Western gains ranged from as little as about a dime at Waha to more than half a dollar at the Southern California border. The East had numbers going all over the place, with various points flat, falling as much as about 15 cents or rising by a little more than a dime. A majority of eastern points saw losses of less than a dime.

A Gulf Coast marketer observed that quotes fell for most of the morning before recovering a bit near the end of trading. The mini-rallies may have been related to the short-covering rebound in crude oil futures, he said, but he also thought the cash market got oversold “because people were expecting even bigger drops than actually occurred,” then had to pay up a little in the late going to cover their supply obligations. He noted that things got a little confusing Friday; not only was he trading for Tuesday on a Friday, but “I also had some intraday deals to do through the end of the month.”

The marketer wasn’t sure if he really expected much softening this week.

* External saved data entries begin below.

(* Let $T(n) = (3n+1)/2^{v_2(3n+1)}$ for odd $n\ge 1$, let $n_0$ be an odd positive integer with orbit $n_{t+1} = T(n_t)$, and $X_t = \mathbf{1}[n_t\equiv 1 \pmod 4]$. Let $s$ be a burst start (i.e. $X_s = 1$ and either $s = 0$ or $X_{s-1}=0$) with $n_s \equiv 25$, $29$, or $57 \pmod{64}$, and let $t \ge s$ be the burst-ending time of that burst run (the last index with $X_s = \dots = X_t = 1$). If $n_t \equiv 1 \pmod 8$, then $n_t \equiv 25 \pmod{32}$. In particular no such cycle yields a burst-ending value with $n_t \equiv 1 \pmod 8$ and $n_t \equiv 9 \pmod{32}$.
   Context: $v_2$ is the $2$-adic valuation. Burst starts in the classes $25, 29, 57 \pmod{64}$ are called unconditional non-mixing cycles. *)

theory Defs
  imports "HOL-Computational_Algebra.Primes"
begin

definition v2 :: "nat \<Rightarrow> nat" where
  "v2 m = multiplicity (2::nat) m"

definition T :: "nat \<Rightarrow> nat" where
  "T n = (3 * n + 1) div 2 ^ v2 (3 * n + 1)"

definition orbit :: "nat \<Rightarrow> nat \<Rightarrow> nat" where
  "orbit n0 t = (T ^^ t) n0"

definition X :: "nat \<Rightarrow> nat \<Rightarrow> bool" where
  "X n0 t \<longleftrightarrow> orbit n0 t mod 4 = 1"

definition burst_start :: "nat \<Rightarrow> nat \<Rightarrow> bool" where
  "burst_start n0 s \<longleftrightarrow> X n0 s \<and> (s = 0 \<or> \<not> X n0 (s - 1))"

definition burst_end :: "nat \<Rightarrow> nat \<Rightarrow> nat \<Rightarrow> bool" where
  "burst_end n0 s t \<longleftrightarrow> s \<le> t \<and> (\<forall>i. s \<le> i \<and> i \<le> t \<longrightarrow> X n0 i) \<and> \<not> X n0 (Suc t)"

end

theory Submission
  imports Defs
begin

text \<open>For n = 25, 29 (mod 32) one step of T already lands in the class 3 (mod 4), so a burst
  starting at such a value has length one: its ending value is the starting value itself.
  Among the classes 25, 29, 57 (mod 64) only 25 and 57 are 1 (mod 8), and both are 25 (mod 32).\<close>

lemma v2_power_mult_odd:
  assumes "odd m"
  shows "v2 (2 ^ k * m) = k"
proof (induction k)
  case 0
  show ?case using assms unfolding v2_def by (simp add: not_dvd_imp_multiplicity_0)
next
  case (Suc k)
  then show ?case
    unfolding v2_def using multiplicity_times_same[where p = "2::nat" and x = "2 ^ k * m"]
    by (simp add: mult.assoc odd_pos[OF assms])
qed

lemma T_eqI:
  assumes "3 * n + 1 = 2 ^ k * m" and "odd m"
  shows "T n = m"
  unfolding T_def assms(1) v2_power_mult_odd[OF assms(2)] by simp

lemma T_mod_4_eq_3:
  assumes "n mod 32 \<in> {25, 29}"
  shows "T n mod 4 = 3"
proof -
  obtain k where k: "n = 32 * k + n mod 32" by (metis div_mod_decomp mult.commute)
  from assms consider "n mod 32 = 25" | "n mod 32 = 29" by blast
  then show ?thesis
  proof cases
    case 1
    then have "3 * n + 1 = 2 ^ 2 * (24 * k + 19)" using k by simp
    then have "T n = 24 * k + 19" by (rule T_eqI) simp
    then show ?thesis by presburger
  next
    case 2
    then have "3 * n + 1 = 2 ^ 3 * (12 * k + 11)" using k by simp
    then have "T n = 12 * k + 11" by (rule T_eqI) simp
    then show ?thesis by presburger
  qed
qed

lemma orbit_Suc: "orbit n0 (Suc t) = T (orbit n0 t)"
  unfolding orbit_def by simp

lemma burst_end_eq_start:
  assumes "burst_end n0 s t" and "\<not> X n0 (Suc s)"
  shows "t = s"
proof (rule ccontr)
  assume "t \<noteq> s"
  then have "Suc s \<le> t" using assms(1) unfolding burst_end_def by auto
  then show False using assms unfolding burst_end_def by auto
qed

theorem proposition5p3:
  fixes n0 s t :: nat
  assumes "odd n0" and "n0 \<ge> 1"
    and "burst_start n0 s"
    and "orbit n0 s mod 64 \<in> {25, 29, 57}"
    and "burst_end n0 s t"
    and "orbit n0 t mod 8 = 1"
  shows "orbit n0 t mod 32 = 25 \<and> orbit n0 t mod 32 \<noteq> 9"
proof -
  have "orbit n0 s mod 32 \<in> {25, 29}"
    using assms(4) mod_mod_cancel[of 32 64 "orbit n0 s"] by auto
  then have "\<not> X n0 (Suc s)"
    unfolding X_def orbit_Suc using T_mod_4_eq_3 by simp
  with assms(5) have "t = s" by (rule burst_end_eq_start)
  then show ?thesis
    using assms(4,6) mod_mod_cancel[of 32 64 "orbit n0 s"] mod_mod_cancel[of 8 64 "orbit n0 s"]
    by auto
qed

end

Yes, cooling load is likely to be down a little in the East, but there may still be enough to keep cash prices trading mostly sideways, he said.

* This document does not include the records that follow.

(* Let $X$ be a topological space, $(Y,d)$ a metric space and $f:X\to Y$ a mapping. Assume that for some integer $n\ge 2$ there are strictly functionally discrete families $\mathcal F_0,\mathcal F_1,\dots,\mathcal F_n$ of subsets of $X$ and mappings $p_k:\mathcal F_k\to Y$, $k\in\{0,\dots,n\}$, such that: (A) $\mathcal F_0$ consists of the single set $X$; (B) for every $k\le n$ and $F\in\mathcal F_k$, $\sup_{x\in F} d(f(x),p_k(F))<\frac{1}{2^{k+2}}$; (C) for every $k<n$ each set of $\mathcal F_{k+1}$ is contained in some set of $\mathcal F_k$; (D) for every $F\in\mathcal F_1$ the points $p_0(X)$ and $p_1(F)$ can be joined by an arc in $Y$; (E) for every $k\in\{1,\dots,n-1\}$ and all $F\in\mathcal F_{k+1}$, $F'\in\mathcal F_k$ with $F\subseteq F'$, the points $p_{k+1}(F)$ and $p_k(F')$ can be joined by an arc of diameter $<\frac{1}{2^{k+2}}$ in $Y$. Then there exists a continuous mapping $g:X\to Y$ such that $d(f(x),g(x))<\frac{1}{2^k}$ for every $k\in\{1,\dots,n\}$ and every $x\in\bigcup\mathcal F_k$.
   Context: A family $\mathcal A$ of subsets of $X$ is strictly functionally discrete if for every $A\in\mathcal A$ there is a continuous $f_A:X\to[0,1]$ with $A\subseteq f_A^{-1}(0)$ such that the family $(f_A^{-1}([0,1)):A\in\mathcal A)$ is discrete (every point of $X$ has a neighborhood meeting at most one member). $\bigcup\mathcal F_k$ denotes the union of all members of $\mathcal F_k$. Points $a,b$ are joined by an arc in $Y$ if there is a continuous $\gamma:[0,1]\to Y$ with $\gamma(0)=a$, $\gamma(1)=b$; its diameter is that of $\gamma([0,1])$. *)

theory Defs
  imports "HOL-Analysis.Analysis"
begin

text \<open>Strictly functionally discrete family of subsets of a topological space (the space is
the type 'a, i.e. X = UNIV).\<close>
definition strictly_functionally_discrete :: "'a::topological_space set set \<Rightarrow> bool" where
  "strictly_functionally_discrete \<A> \<longleftrightarrow>
     (\<exists>\<phi> :: 'a set \<Rightarrow> 'a \<Rightarrow> real.
        (\<forall>A\<in>\<A>. continuous_on UNIV (\<phi> A) \<and> (\<forall>x. \<phi> A x \<in> {0..1}) \<and> A \<subseteq> \<phi> A -` {0}) \<and>
        (\<forall>x. \<exists>U. open U \<and> x \<in> U \<and>
           (\<forall>A\<in>\<A>. \<forall>B\<in>\<A>. U \<inter> \<phi> A -` {0..<1} \<noteq> {} \<longrightarrow> U \<inter> \<phi> B -` {0..<1} \<noteq> {} \<longrightarrow> A = B)))"

definition joined_by_arc :: "'b::topological_space \<Rightarrow> 'b \<Rightarrow> bool" where
  "joined_by_arc a b \<longleftrightarrow> (\<exists>\<gamma>. path \<gamma> \<and> pathstart \<gamma> = a \<and> pathfinish \<gamma> = b)"

definition joined_by_arc_diam_lt :: "'b::metric_space \<Rightarrow> 'b \<Rightarrow> real \<Rightarrow> bool" where
  "joined_by_arc_diam_lt a b r \<longleftrightarrow>
     (\<exists>\<gamma>. path \<gamma> \<and> pathstart \<gamma> = a \<and> pathfinish \<gamma> = b \<and> diameter (path_image \<gamma>) < r)"

end

theory Submission
  imports Defs
begin

text \<open>The approximation g is built in n stages. Stage k is glued along the discrete family
  of open sets {psi k S < 1}, S in F k, where the cut-off functions psi k S vanish on S and are
  chosen so that psi k S < 1 forces psi (k - 1) < 1/2 on the parent of S. Where psi k S <= 1/2,
  stage k equals p k S; as psi k S rises to 1 it runs back along the arc to p (k - 1) of the
  parent, where stage k - 1 already sits. Gluing along a discrete family preserves continuity,
  consecutive stages differ by at most 2^-(k+2) for k >= 1, and the geometric tail gives the
  bound on F k.\<close>

definition discrete_family :: "'i set \<Rightarrow> ('i \<Rightarrow> 'a::topological_space set) \<Rightarrow> bool" where
  "discrete_family I V \<longleftrightarrow>
     (\<forall>x. \<exists>U. open U \<and> x \<in> U \<and> (\<forall>i\<in>I. \<forall>j\<in>I. U \<inter> V i \<noteq> {} \<longrightarrow> U \<inter> V j \<noteq> {} \<longrightarrow> i = j))"

lemma discrete_familyE:
  assumes "discrete_family I V"
  obtains U where "open U" "x \<in> U"
    "\<And>i j. i \<in> I \<Longrightarrow> j \<in> I \<Longrightarrow> U \<inter> V i \<noteq> {} \<Longrightarrow> U \<inter> V j \<noteq> {} \<Longrightarrow> i = j"
proof -
  obtain U where "open U" "x \<in> U" "\<forall>i\<in>I. \<forall>j\<in>I. U \<inter> V i \<noteq> {} \<longrightarrow> U \<inter> V j \<noteq> {} \<longrightarrow> i = j"
    using assms unfolding discrete_family_def by (elim allE[of _ x] exE conjE)
  then show thesis using that by simp
qed

lemma discrete_family_mono:
  assumes "discrete_family I V" and "\<And>i. i \<in> I \<Longrightarrow> W i \<subseteq> V i"
  shows "discrete_family I W"
  unfolding discrete_family_def
proof
  fix x
  obtain U where "open U" "x \<in> U"
    and "\<And>i j. i \<in> I \<Longrightarrow> j \<in> I \<Longrightarrow> U \<inter> V i \<noteq> {} \<Longrightarrow> U \<inter> V j \<noteq> {} \<Longrightarrow> i = j"
    by (rule discrete_familyE[OF assms(1), of x]) blast
  moreover have "U \<inter> W i \<noteq> {} \<Longrightarrow> U \<inter> V i \<noteq> {}" if "i \<in> I" for i
    using assms(2)[OF that] by blast
  ultimately show "\<exists>U. open U \<and> x \<in> U \<and> (\<forall>i\<in>I. \<forall>j\<in>I. U \<inter> W i \<noteq> {} \<longrightarrow> U \<inter> W j \<noteq> {} \<longrightarrow> i = j)"
    by (intro exI[of _ U]) auto
qed

lemma discrete_family_singleton: "discrete_family {i} V"
  unfolding discrete_family_def by blast

lemma discrete_family_unique:
  assumes "discrete_family I V" "i \<in> I" "j \<in> I" "x \<in> V i" "x \<in> V j"
  shows "i = j"
proof -
  obtain U where "x \<in> U"
    and U: "\<And>i j. i \<in> I \<Longrightarrow> j \<in> I \<Longrightarrow> U \<inter> V i \<noteq> {} \<Longrightarrow> U \<inter> V j \<noteq> {} \<Longrightarrow> i = j"
    by (rule discrete_familyE[OF assms(1), of x]) blast
  moreover have "U \<inter> V i \<noteq> {}" "U \<inter> V j \<noteq> {}"
    using \<open>x \<in> U\<close> assms(4,5) by blast+
  ultimately show ?thesis using assms(2,3) by blast
qed

definition glue :: "'i set \<Rightarrow> ('i \<Rightarrow> 'a set) \<Rightarrow> ('i \<Rightarrow> 'a \<Rightarrow> 'b) \<Rightarrow> ('a \<Rightarrow> 'b) \<Rightarrow> 'a \<Rightarrow> 'b" where
  "glue I V h g x = (if \<exists>i\<in>I. x \<in> V i then h (SOME i. i \<in> I \<and> x \<in> V i) x else g x)"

Florida Gas Transmission made it a full week Friday of having an Overage Alert Day notice in effect for its market area (the notice was initiated May 22), but production-area prices into the pipe still fell about a dime.

The 2004 Atlantic hurricane season was expected to begin Tuesday with no substantive tropical activity.

In his initial estimation for the next storage report, Citigroup analyst Kyle Cooper said he looks for an injection “somewhat smaller than [the 89 Bcf in last Thursday’s report], but probably still above 80 Bcf.”

One source, noting the New York Mercantile Exchange’s announcement that beginning Monday evening it would extend the listings for its Houston Ship Channel natural gas basis swap futures contract through December 2007 from the previous June 2007, commented that he thinks a major reason why the cash market has been more closely tied to the futures market over the past year or so has been the success of Nymex’s basis swap contracts “…and probably the absence of EnronOnline. I hear the volume on these basis contracts has grown substantially.”

A western buyer said he didn’t trade much at fixed prices for the June bidweek. “Things ran up [through about midweek] and then fell, and it was more convenient for us to pick up the index-minus deals after the falloff. The [Southwest] basins were trading a lot of index minus 4s and 5s after the screen fall.” He reported seeing Permian Basin trade as high as $6.30 while the screen was still rising when it had been just over $6 earlier, so there was a pretty wide Permian range. San Juan-Blanco didn’t see as large a range, going from $5.65 to $5.75 during the same time frame, he said. “The reason for that is that not as many people trade fixed-price Blanco as they do Permian, and no one panicked.”